You will be able to mix and match containers and VMs on the same Tintri system. The container support is coming in the first half of next year.

Public cloud integration

Tintri OS is getting S3 support and Snapshots from Tintri arrays at VM level, and can be sent to Amazon's S3 service and to IBM's Cloud Object Storage – the acquired Cleversafe object storage. To recover, just restore the VM with no need to do anything at the LUN and volume level.

Tintri_public_cloud_integration

In theory, any S3 target could be used, but S3 interfaces vary, so test out any proposed ones apart from Amazon 33 and IBM COS.

Extending analytics to compute

Tntri is extending its predictive analytics to support compute and storage at the same time. Harty says Tintri does real-time analytics on storage and compute now.

This is getting extended to predictive analytics, modelling such things as percentage CPU utilisation and memory size. It will move to a lower level taking account of such things as Xeon model and core count, and be delivered as a service over the web.

Extending predictive analytics to support compute (meaning processesing and memory) will be available in the first half of 2017.

Chatbot surprise

Chatbots are lumps of software providing everyday language responses to everyday language inputs, and backed up by AI and/or machine learning to provide intelligent input text analysis and an intelligent response. They should be inherently more flexible than strictly formatted Command Line Interfaces (CLIs) and potentially quicker to use than GUI forms.
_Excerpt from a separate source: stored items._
(* Let $\mathcal V$ be a descent category and $f:X\to Y$, $g:Y\to Z$ morphisms of simplicial spaces. If $f$ and $g\circ f$ are hypercovers, then $g$ is a hypercover.
   Context: A descent category is a small category $\mathcal V$ with a subcategory of morphisms called covers such that: $\mathcal V$ has finite limits; pullbacks of covers are covers; if $f$ and $g\circ f$ are covers then $g$ is a cover. A simplicial space is a simplicial object in $\mathcal V$; $\mathrm{Map}(T,X)$ is the finite limit representing simplicial maps $T\to X$ for a finite simplicial set $T$; $\mathrm{Map}(S\hookrightarrow T,f)=\mathrm{Map}(S,X)\times_{\mathrm{Map}(S,Y)}\mathrm{Map}(T,Y)$. A morphism $f:X\to Y$ is a hypercover if $X_n\to\mathrm{Map}(\partial\Delta^n\hookrightarrow\Delta^n,f)$ is a cover for all $n\ge0$. *)

theory Defs
  imports Main
begin

record ('o, 'm) cat =
  cOb   :: "'o set"
  cAr   :: "'m set"
  cDom  :: "'m \<Rightarrow> 'o"
  cCod  :: "'m \<Rightarrow> 'o"
  cId   :: "'o \<Rightarrow> 'm"
  cComp :: "'m \<Rightarrow> 'm \<Rightarrow> 'm"   (* cComp C g f = g \<circ> f *)

definition hom :: "('o, 'm) cat \<Rightarrow> 'o \<Rightarrow> 'o \<Rightarrow> 'm set" where
  "hom C a b = {f \<in> cAr C. cDom C f = a \<and> cCod C f = b}"

definition category :: "('o, 'm) cat \<Rightarrow> bool" where
  "category C \<longleftrightarrow>
     (\<forall>f \<in> cAr C. cDom C f \<in> cOb C \<and> cCod C f \<in> cOb C) \<and>
     (\<forall>a \<in> cOb C. cId C a \<in> hom C a a) \<and>
     (\<forall>a b c f g. f \<in> hom C a b \<longrightarrow> g \<in> hom C b c \<longrightarrow> cComp C g f \<in> hom C a c) \<and>
     (\<forall>a b f. f \<in> hom C a b \<longrightarrow> cComp C f (cId C a) = f \<and> cComp C (cId C b) f = f) \<and>
     (\<forall>a b c d f g h. f \<in> hom C a b \<longrightarrow> g \<in> hom C b c \<longrightarrow> h \<in> hom C c d \<longrightarrow>
        cComp C h (cComp C g f) = cComp C (cComp C h g) f)"

text \<open>P with p : P \<rightarrow> dom f, q : P \<rightarrow> dom g is a pullback of the cospan f, g;
  q is the pullback of f along g.\<close>
definition is_pullback :: "('o, 'm) cat \<Rightarrow> 'm \<Rightarrow> 'm \<Rightarrow> 'o \<Rightarrow> 'm \<Rightarrow> 'm \<Rightarrow> bool" where
  "is_pullback C f g P p q \<longleftrightarrow>
     f \<in> cAr C \<and> g \<in> cAr C \<and> cCod C f = cCod C g \<and>
     P \<in> cOb C \<and> p \<in> hom C P (cDom C f) \<and> q \<in> hom C P (cDom C g) \<and>
     cComp C f p = cComp C g q \<and>
     (\<forall>U p' q'. U \<in> cOb C \<longrightarrow> p' \<in> hom C U (cDom C f) \<longrightarrow> q' \<in> hom C U (cDom C g) \<longrightarrow>
        cComp C f p' = cComp C g q' \<longrightarrow>
        (\<exists>!u. u \<in> hom C U P \<and> cComp C p u = p' \<and> cComp C q u = q'))"

definition is_terminal :: "('o, 'm) cat \<Rightarrow> 'o \<Rightarrow> bool" where
  "is_terminal C t \<longleftrightarrow> t \<in> cOb C \<and> (\<forall>a \<in> cOb C. \<exists>!f. f \<in> hom C a t)"

text \<open>Finite limits: terminal object and all pullbacks (standard equivalent).\<close>
definition has_finite_limits :: "('o, 'm) cat \<Rightarrow> bool" where
  "has_finite_limits C \<longleftrightarrow>
     (\<exists>t. is_terminal C t) \<and>
     (\<forall>f g. f \<in> cAr C \<longrightarrow> g \<in> cAr C \<longrightarrow> cCod C f = cCod C g \<longrightarrow>
        (\<exists>P p q. is_pullback C f g P p q))"

definition descent_category :: "('o, 'm) cat \<Rightarrow> 'm set \<Rightarrow> bool" where
  "descent_category C Cov \<longleftrightarrow>
     category C \<and> has_finite_limits C \<and>
     Cov \<subseteq> cAr C \<and>
     (\<forall>a \<in> cOb C. cId C a \<in> Cov) \<and>
     (\<forall>f g. f \<in> Cov \<longrightarrow> g \<in> Cov \<longrightarrow> cDom C g = cCod C f \<longrightarrow> cComp C g f \<in> Cov) \<and>
     (\<forall>f g P p q. f \<in> Cov \<longrightarrow> is_pullback C f g P p q \<longrightarrow> q \<in> Cov) \<and>
     (\<forall>f g. f \<in> cAr C \<longrightarrow> g \<in> cAr C \<longrightarrow> cDom C g = cCod C f \<longrightarrow>
        f \<in> Cov \<longrightarrow> cComp C g f \<in> Cov \<longrightarrow> g \<in> Cov)"

text \<open>A morphism [k] \<rightarrow> [n] of \<Delta> is the list of its values (a weakly monotone list of
  length k+1 with entries \<le> n).\<close>
definition delta :: "nat \<Rightarrow> nat \<Rightarrow> nat list \<Rightarrow> bool" where
  "delta k n \<alpha> \<longleftrightarrow> length \<alpha> = Suc k \<and> sorted \<alpha> \<and> (\<forall>i \<in> set \<alpha>. i \<le> n)"

definition delta_comp :: "nat list \<Rightarrow> nat list \<Rightarrow> nat list" where
  "delta_comp \<theta> \<phi> = map (\<lambda>i. \<theta> ! i) \<phi>"   (* \<theta> \<circ> \<phi> *)

definition delta_id :: "nat \<Rightarrow> nat list" where
  "delta_id m = [0..<Suc m]"

record ('o, 'm) sobj =
  sob  :: "nat \<Rightarrow> 'o"
  sact :: "nat \<Rightarrow> nat \<Rightarrow> nat list \<Rightarrow> 'm"   (* sact X k n \<theta> : X_n \<rightarrow> X_k for \<theta> : [k] \<rightarrow> [n] *)
(* Let $n\ge 0$ and $\alpha\ge 1$ be integers, $N=2^{n+1}$, $c=2^{\alpha}+1$, and consider the 1D-Tree and the $c$-DAG over the uniform dataset $\{0,\dots,N-1\}$ (as described in the context). For query length $s=1$, $\mathbb{E}_{\mathcal{I}_1}[\mathrm{level}_{c\text{-DAG}}(Q)-\mathrm{level}_{\mathrm{Tree}}(Q)]=0$. For every real $s$ with $1<s\le N$, \[ \mathbb{E}_{\mathcal{I}_s}\bigl[\mathrm{level}_{c\text{-DAG}}(Q)-\mathrm{level}_{\mathrm{Tree}}(Q)\bigr]<2\cdot\frac{c-2}{c-1}. \]
   Context: The 1D-Tree over $\mathcal{D}=\{0,\dots,N-1\}\subset[0,N)$ has levels $\ell=0,\dots,n+1$; its level-$\ell$ nodes are the intervals $[m2^{n-\ell+1},(m+1)2^{n-\ell+1})$, $m=0,\dots,2^\ell-1$. The $c$-DAG over $\mathcal{D}$ has levels $\ell=0,\dots,n+1$; with $u_\ell=2^{n-\ell+1}/(c-1)$, its level-$\ell$ nodes are the intervals $[mu_\ell,\,mu_\ell+2^{n-\ell+1})$, $m=0,1,\dots,(c-1)2^\ell-(c-1)$ (a node $[a,a+L)$ has children $[a+jL/(2(c-1)),\,a+jL/(2(c-1))+L/2)$, $j=0,\dots,c-1$). SRC-search returns a node of the deepest level whose interval contains the query $Q$; $\mathrm{level}_{\mathrm{Tree}}(Q)$ (resp. $\mathrm{level}_{c\text{-DAG}}(Q)$) is the largest $\ell$ such that some level-$\ell$ node of the respective structure contains $Q$. For query length $s$, $\mathcal{I}_s$ is the distribution of $Q=[x,x+s)$ with $x$ uniform on $[0,N-s]$ (for $s=N$, $x=0$); for $s=1$ queries are single data points, i.e. $x$ uniform on the integers $\{0,\dots,N-1\}$. *)

theory Defs
  imports "HOL-Analysis.Analysis"
begin

definition tree_nodes :: "nat \<Rightarrow> nat \<Rightarrow> real set set" where
  "tree_nodes n l = (\<lambda>m. {real m * 2^(n+1-l) ..< (real m + 1) * 2^(n+1-l)}) ` {..<2^l}"

definition dag_nodes :: "nat \<Rightarrow> nat \<Rightarrow> nat \<Rightarrow> real set set" where
  "dag_nodes c n l = (\<lambda>m. {real m * (2^(n+1-l) / (real c - 1)) ..<
                            real m * (2^(n+1-l) / (real c - 1)) + 2^(n+1-l)})
                     ` {0..(c-1)*2^l - (c-1)}"

definition level_tree :: "nat \<Rightarrow> real set \<Rightarrow> nat" where
  "level_tree n Q = (GREATEST l. l \<le> n+1 \<and> (\<exists>I\<in>tree_nodes n l. Q \<subseteq> I))"

definition level_dag :: "nat \<Rightarrow> nat \<Rightarrow> real set \<Rightarrow> nat" where
  "level_dag c n Q = (GREATEST l. l \<le> n+1 \<and> (\<exists>I\<in>dag_nodes c n l. Q \<subseteq> I))"

definition level_diff :: "nat \<Rightarrow> nat \<Rightarrow> real \<Rightarrow> real \<Rightarrow> real" where
  "level_diff c n s x = real (level_dag c n {x..<x+s}) - real (level_tree n {x..<x+s})"

end

theory Submission
  imports Defs
begin

(*
  Let k be the deepest level whose nodes, of length L = 2^(n+1-k), are at least as long as the
  query [x, x+s).  At every level both structures consist of intervals [m u, m u + L), m = 0..M,
  and the query lies in one of them iff x \<in> [m u, m u + L - s] for some m; for x \<in> [0, N - s]
  the bad starting points are therefore M open gaps of length max 0 (u - (L - s)).
  The tree has u = L: at each level l = 1..k its 2^l - 1 gaps of length s are the starting points
  at which the query straddles a node boundary, and the tree level is k minus the number of
  levels at which this happens.  The c-DAG has u = L/(c-1), which at every level l < k is at most
  L - s, so it always reaches level k-1 and misses level k only on (c-1)(2^k - 1) gaps of length
  L/(c-1) - (L - s).  Integrating over x, the expected level difference is
    ((\<Sum>l=1..k. (2^l - 1) s) - (2^k - 1) max 0 (L - (c-1)(L - s))) / (N - s),
  and an elementary estimate bounds it by 2(c-2)/(c-1).  For s = 1 the query itself is a
  bottom-level node of both structures.
*)

lemma indicator_open_interval_has_integral:
  fixes a b lo hi :: real
  assumes "lo \<le> a" "b \<le> hi"
  shows "(indicator {a<..<b} has_integral max 0 (b - a)) {lo..hi}"
proof -
  have "((\<lambda>x. 1::real) has_integral max 0 (b - a)) {a..b}"
    using has_integral_const_real[of "1::real" a b] by (cases "a \<le> b") auto
  then have "((\<lambda>x. 1::real) has_integral max 0 (b - a)) {a<..<b}"
    using has_integral_open_interval[of "\<lambda>x. 1::real" _ a b] by simp
  moreover have "{a<..<b} \<inter> {lo..hi} = {a<..<b}" using assms by auto
  moreover have "indicator {a<..<b} = (\<lambda>x. if x \<in> {a<..<b} then 1 else 0::real)"
    by (auto simp: indicator_def)
  ultimately show ?thesis
    using has_integral_restrict_Int[of "{a<..<b}" "\<lambda>x. 1::real" _ "{lo..hi}"] by simp
qed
Chatbots can be text- or voice-based. Example voicebots are Amazon's Alexa, Apple's Siri and Microsoft's Cortana.

Tintri is developing a text-based chatbot interface to its arrays, and here is a screen example of it in action:

Tintri Chatbot

Tintri ChatOps

Harty says a Japanese Tintri customer set up a chatbot interface to their array using Tintri's API.

He is enthusiastic about the possibilities. For example, storage admins - or VMware admins - could spin up a VM by talking to a bot on Slack. The admin could also assign a particular QoS level to a VM:

> Set prod QOS 10:44:138:125

> Done. Production QOS set on VM 10:44:138:125

This Slack Bot would know an admin's credentials and so could be multi-tenant-aware and assign different roles to different tenants.
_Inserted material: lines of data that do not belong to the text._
definition dist_inf :: "real^'d::finite \<Rightarrow> real^'d \<Rightarrow> real" where
  "dist_inf u v = Max (range (\<lambda>i. \<bar>u $ i - v $ i\<bar>))"

definition polyhedral_loss :: "(real^'d::finite \<Rightarrow> 'y \<Rightarrow> real) \<Rightarrow> bool" where
  "polyhedral_loss L \<longleftrightarrow> (\<forall>u y. 0 \<le> L u y) \<and>
     (\<forall>y. \<exists>A :: ((real^'d) \<times> real) set. finite A \<and> A \<noteq> {} \<and>
        (\<forall>u. L u y = Max ((\<lambda>(a,b). a \<bullet> u + b) ` A)))"

definition exp_loss :: "(real^'d::finite \<Rightarrow> 'y::finite \<Rightarrow> real) \<Rightarrow> ('y \<Rightarrow> real) \<Rightarrow> real^'d \<Rightarrow> real" where
  "exp_loss L p u = (\<Sum>y\<in>UNIV. p y * L u y)"

definition prop_L :: "(real^'d::finite \<Rightarrow> 'y::finite \<Rightarrow> real) \<Rightarrow> ('y \<Rightarrow> real) \<Rightarrow> (real^'d) set" where
  "prop_L L p = {u. \<forall>v. exp_loss L p u \<le> exp_loss L p v}"

definition is_property :: "(('y::finite \<Rightarrow> real) \<Rightarrow> 'r set) \<Rightarrow> bool" where
  "is_property \<gamma> \<longleftrightarrow> (\<forall>p\<in>prob_simplex. \<gamma> p \<noteq> {})"

definition level_set :: "(('y::finite \<Rightarrow> real) \<Rightarrow> 'r set) \<Rightarrow> 'r \<Rightarrow> ('y \<Rightarrow> real) set" where
  "level_set \<gamma> r = {p\<in>prob_simplex. r \<in> \<gamma> p}"

definition prop_level :: "(real^'d::finite \<Rightarrow> 'y::finite \<Rightarrow> real) \<Rightarrow> real^'d \<Rightarrow> ('y \<Rightarrow> real) set" where
  "prop_level L u = {p\<in>prob_simplex. u \<in> prop_L L p}"
lemma alt_word_starting_factor:
  assumes x: "x \<in> A 1"
  shows "qs \<noteq> [] \<Longrightarrow> \<exists>b W. b \<in> B \<and> W \<in> starting_below 2 \<and> alt_word E x y qs = b * W"
proof (induct qs rule: list_nonempty_induct)
  case (single q)
  show ?case using one_in_word_span E_in by fastforce
next
  case (cons q qs)
  then obtain b W where W: "b \<in> B" "W \<in> starting_below 2" "alt_word E x y qs = b * W"
    by blast
  have "x * b * W \<in> starting_below 2"
    using letter_mult_starting_below[OF W(2) A_rmult[OF W(1) x]] by simp
  moreover have "alt_word E x y (q # qs) = E (y ^ q) * (x * b * W)"
    using W(3) cons.hyps by (simp add: alt_word_Cons mult.assoc)
  ultimately show ?case
    using E_in by blast
qed

lemma E_alt_word_peak:
  assumes x1: "x1 \<in> A 1" and x2: "x2 \<in> A 1" and w: "w \<in> A 2"
    and "qs \<noteq> []" "ps \<noteq> []"
  shows "E (alt_word E x1 y1 qs * w * alt_word E x2 y2 ps)
       = E (alt_word E x1 y1 qs * E w * alt_word E x2 y2 ps)"
proof -
  obtain U b where U: "U \<in> ending_below 2" "b \<in> B" "alt_word E x1 y1 qs = U * b"
    using alt_word_ending_factor[OF x1 \<open>qs \<noteq> []\<close>] by blast
  obtain b' W where W: "b' \<in> B" "W \<in> starting_below 2" "alt_word E x2 y2 ps = b' * W"
    using alt_word_starting_factor[OF x2 \<open>ps \<noteq> []\<close>] by blast
  have "E (U * (b * w * b') * W) = E (U * E (b * w * b') * W)"
    using E_peak[OF U(1) W(2) A_rmult[OF W(1) A_lmult[OF U(2) w]]] by simp
  then show ?thesis
    using U(3) W(3) E_bimod[OF U(2) W(1), of w] by (simp add: mult.assoc)
qed

lemma alt_word_sum_mult_ending_below:
  assumes x: "x \<in> A 1" and w: "w \<in> A 2"
  shows "alt_word_sum E x y n * w \<in> ending_below 3"
proof -
  have alt_w: "alt_word E x y qs * w \<in> ending_below 3" if ne: "qs \<noteq> []" for qs
  proof -
    obtain U b where U: "U \<in> ending_below 2" "b \<in> B" "alt_word E x y qs = U * b"
      using alt_word_ending_factor[OF x ne] by blast
    have "U * (b * w) \<in> ending_below 3"
      using mult_letter_ending_below[OF U(1) A_lmult[OF U(2) w]] by simp
    then show ?thesis
      by (simp add: U(3) mult.assoc)
  qed
  show ?thesis
    unfolding alt_word_sum_def sum_distrib_right
    by (intro word_span_sum alt_w) (auto simp: compositions_def)
qed

lemma E_mixed_moment:
  assumes x1: "x1 \<in> A 1" and x2: "x2 \<in> A 1" and w: "w \<in> A 2"
    and y1: "y1 \<in> A 3" and y2: "y2 \<in> A 3"
  shows "E ((x1 + y1) ^ n * w * (x2 + y2) ^ m) =
    (\<Sum>k\<in>{0..n}. \<Sum>l\<in>{0..m}. \<Sum>qs\<in>compositions (k + 1) (n - k). \<Sum>ps\<in>compositions (l + 1) (m - l).
       E (alt_word E x1 y1 qs * E w * alt_word E x2 y2 ps))"
proof -
  let ?S1 = "alt_word_sum E x1 y1 n" and ?S2 = "alt_word_sum E x2 y2 m"
  have "(x2 + y2) ^ m \<in> word_algebra"
    using letter_in_word_algebra[OF x2] letter_in_word_algebra[OF y2]
    by (simp add: word_span.add word_algebra_power)
  then have right: "w * (x2 + y2) ^ m \<in> starting_below 3"
    using letter_mult_starting_below w by simp
  have "E (1 * (x1 + y1) ^ n * (w * (x2 + y2) ^ m)) = E (1 * ?S1 * (w * (x2 + y2) ^ m))"
    by (rule E_power_eq_alt_word_sum[OF x1 y1 right one_in_word_span])
  then have "E ((x1 + y1) ^ n * w * (x2 + y2) ^ m) = E (?S1 * w * (x2 + y2) ^ m)"
    by (simp add: mult.assoc)
  also have "\<dots> = E (?S1 * w * ?S2)"
    using E_power_eq_alt_word_sum[OF x2 y2 one_in_word_span alt_word_sum_mult_ending_below[OF x1 w]]
    by simp
  also have "\<dots> = (\<Sum>k\<in>{0..n}. \<Sum>qs\<in>compositions (k + 1) (n - k). \<Sum>l\<in>{0..m}.
      \<Sum>ps\<in>compositions (l + 1) (m - l). E (alt_word E x1 y1 qs * w * alt_word E x2 y2 ps))"
    by (simp only: alt_word_sum_def sum_distrib_right) (simp only: sum_distrib_left E_sum)
  also have "\<dots> = (\<Sum>k\<in>{0..n}. \<Sum>qs\<in>compositions (k + 1) (n - k). \<Sum>l\<in>{0..m}.
      \<Sum>ps\<in>compositions (l + 1) (m - l). E (alt_word E x1 y1 qs * E w * alt_word E x2 y2 ps))"
    by (intro sum.cong refl E_alt_word_peak[OF x1 x2 w]) (auto simp: compositions_def)
  also have "\<dots> = (\<Sum>k\<in>{0..n}. \<Sum>l\<in>{0..m}. \<Sum>qs\<in>compositions (k + 1) (n - k).
      \<Sum>ps\<in>compositions (l + 1) (m - l). E (alt_word E x1 y1 qs * E w * alt_word E x2 y2 ps))"
    by (intro sum.cong refl sum.swap)
  finally show ?thesis .
qed

end

theorem lemma3p3:
  fixes sc :: "complex \<Rightarrow> 'a::{real_normed_algebra_1,banach} \<Rightarrow> 'a"
    and st :: "'a \<Rightarrow> 'a" and B :: "'a set" and E :: "'a \<Rightarrow> 'a"
    and x1 x2 y1 y2 w :: 'a and n m :: nat
  assumes "op_cstar_prob_space sc st B E"
    and "st x1 = x1" and "st x2 = x2" and "st y1 = y1" and "st y2 = y2" and "st w = w"
    and "monotone_indep3 E (bimod_subalg sc B {x1, x2}) (bimod_subalg sc B {w})
           (bimod_subalg sc B {y1, y2})"
  shows "E ((x1 + y1) ^ n * w * (x2 + y2) ^ m) =
    (\<Sum>k\<in>{0..n}. \<Sum>l\<in>{0..m}. \<Sum>qs\<in>compositions (k + 1) (n - k). \<Sum>ps\<in>compositions (l + 1) (m - l).
       E (alt_word E x1 y1 qs * E w * alt_word E x2 y2 ps))"
proof -
  define A where "A i = (if i = 1 then bimod_subalg sc B {x1, x2}
    else if i = 2 then bimod_subalg sc B {w} else bimod_subalg sc B {y1, y2})" for i :: nat
  interpret monotone_triple E B A
    using assms(1,7) unfolding op_cstar_prob_space_def unital_cstar_subalgebra_def A_def
    unfolding monotone_triple_def by (auto intro: bimod_subalg.intros)
  show ?thesis
    by (rule E_mixed_moment) (auto simp: A_def intro: bimod_subalg.gen)
qed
Harty emphasises that this is not something you could do with Nimble, Pure, EMC et al.

People could have a totally customised interface to their systems.

There is an obvious extension to voice-driven bots. In theory Amazon's Alexa could be layered on as a front-end so that admins could speak to their arrays to get things done – sending snapshots to the cloud, spinning up and moving VMs, firing up analytics and more. This brings another potential application of the technology with people talking to the chatbot through their smartphones.

Harty says Chat Ops are do-able today: "We'll offer it as a service and make it easier to use."

Comment

What Tintri is seeing is that supplier differentiation at the product hardware level is rendered null by commoditised hardware. Differentiation through basic data management services, such as snapshots, is pointless too. These are simply table stakes. Differentiation by the amount of and type of integration into the upper layers of a customer's general infrastructure stack is becoming, it thinks, crucial.

There is still scope for making the storage admin's life easier and better and the chatbot notion is aimed at this. If Tintri delivers chatbot access to all its services then everything to do with array management could be handled at a chatbot level.

Hey Tintri: What happens if I move 500 VMs from the cloud to the on-premises stack?

You will need 2TB more storage in the array, 20 more Xeon i7 cores and another 20GB of DRAM.